Nick Dunn-Meynell's new collection, A Proofreader's Adventures of Sherlock Holmes, contains twelve sequels - of sorts - to each of the original stories in The Adventure of Sherlock Holmes, which first appeared in The Strand from 1891 to 1892. Within this book, you'll find a series of conversations between Holmes and Watson, each immediately taking place at the conclusion of one of the Adventures.
These aren't typical Sherlockian pastiches - the reader won't find new investigations in the traditional manner. Rather, these stories take the inconsistencies and contradictions to be found in those original twelve Canonical Adventures and pull them apart, twist them, double back on them, and construct them into something that's sly and new and thoroughly thought-provoking.
These efforts are dense with material and are filled with Easter Eggs for the perceptive Sherlockian. The author's subtle sense of humour and affection for Holmes and Watson peeks through at every turn, and there are references in each of the individual stories that refer to the others within this collection, giving hints of a bigger narrative at play.
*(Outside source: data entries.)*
lemma off_cost_le_sched_cost:
  assumes "\<alpha> \<ge> 0" "length Cs = length \<sigma>" "\<forall>C\<in>set Cs. valid_conf k l C"
  shows "off_cost k l \<alpha> init \<sigma> \<le> sched_cost k l \<alpha> init Cs \<sigma>"
  unfolding off_cost_def
proof (rule cINF_lower)
  have "sched_cost k l \<alpha> init Cs' \<sigma> \<ge> 0" for Cs'
    unfolding sched_cost_def using assms(1) by (intro sum_nonneg) auto
  then show "bdd_below ((\<lambda>Cs. sched_cost k l \<alpha> init Cs \<sigma>) `
      {Cs. length Cs = length \<sigma> \<and> (\<forall>C\<in>set Cs. valid_conf k l C)})"
    by (intro bdd_belowI[of _ 0]) auto
qed (use assms in auto)

lemma off_cost_nonneg:
  assumes "\<alpha> \<ge> 0" "valid_conf k l init"
  shows "off_cost k l \<alpha> init \<sigma> \<ge> 0"
  unfolding off_cost_def
proof (rule cINF_greatest)
  show "{Cs. length Cs = length \<sigma> \<and> (\<forall>C\<in>set Cs. valid_conf k l C)} \<noteq> {}"
    using assms(2) by (auto intro!: exI[of _ "replicate (length \<sigma>) init"])
qed (use assms(1) in \<open>auto simp: sched_cost_def intro!: sum_nonneg\<close>)

definition first_separated :: "nat \<Rightarrow> (nat \<Rightarrow> nat) \<Rightarrow> nat" where
  "first_separated k C = (LEAST i. 1 \<le> i \<and> i \<le> k \<and> C i \<noteq> C 0)"

text \<open>Node 0's cluster holds only k of the k+1 nodes 0..k.\<close>

lemma first_separated:
  assumes valid: "valid_conf k l C" and kl: "k < k * l"
  shows "1 \<le> first_separated k C" "first_separated k C \<le> k"
    and "C (first_separated k C) \<noteq> C 0"
proof -
  have "\<exists>i. 1 \<le> i \<and> i \<le> k \<and> C i \<noteq> C 0"
  proof (rule ccontr)
    assume "\<nexists>i. 1 \<le> i \<and> i \<le> k \<and> C i \<noteq> C 0"
    then have "C i = C 0" if "i \<le> k" for i
      using that by (cases i) auto
    then have "{..k} \<subseteq> {v. v < k * l \<and> C v = C 0}"
      using kl by (blast intro: le_less_trans)
    from card_mono[OF _ this] have "Suc k \<le> card {v. v < k * l \<and> C v = C 0}" by simp
    moreover have "C 0 < l" using valid kl unfolding valid_conf_def by auto
    ultimately show False using valid unfolding valid_conf_def by fastforce
  qed
  then have "1 \<le> first_separated k C \<and> first_separated k C \<le> k \<and> C (first_separated k C) \<noteq> C 0"
    unfolding first_separated_def by (rule LeastI_ex)
  then show "1 \<le> first_separated k C" "first_separated k C \<le> k"
    and "C (first_separated k C) \<noteq> C 0" by auto
qed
Reading these cannot and should not be hurried. They must be pondered.
And in addition to the Sherlockian aspects, Mr. Dunn-Meynell has managed to weave references to works of art from London's National Gallery into each story, pointing out their own hidden or ignored aspects, symbols, and meanings.
There's much to enjoy and ponder about these stories. Some will catch you by surprise and make you laugh out loud, while others will leave you painfully aware of contradictions and mistakes that have been previously ignored in The Canon.
These aren't typical Holmes adventures, but they are worth the time to savour and explore. Enjoy . . . .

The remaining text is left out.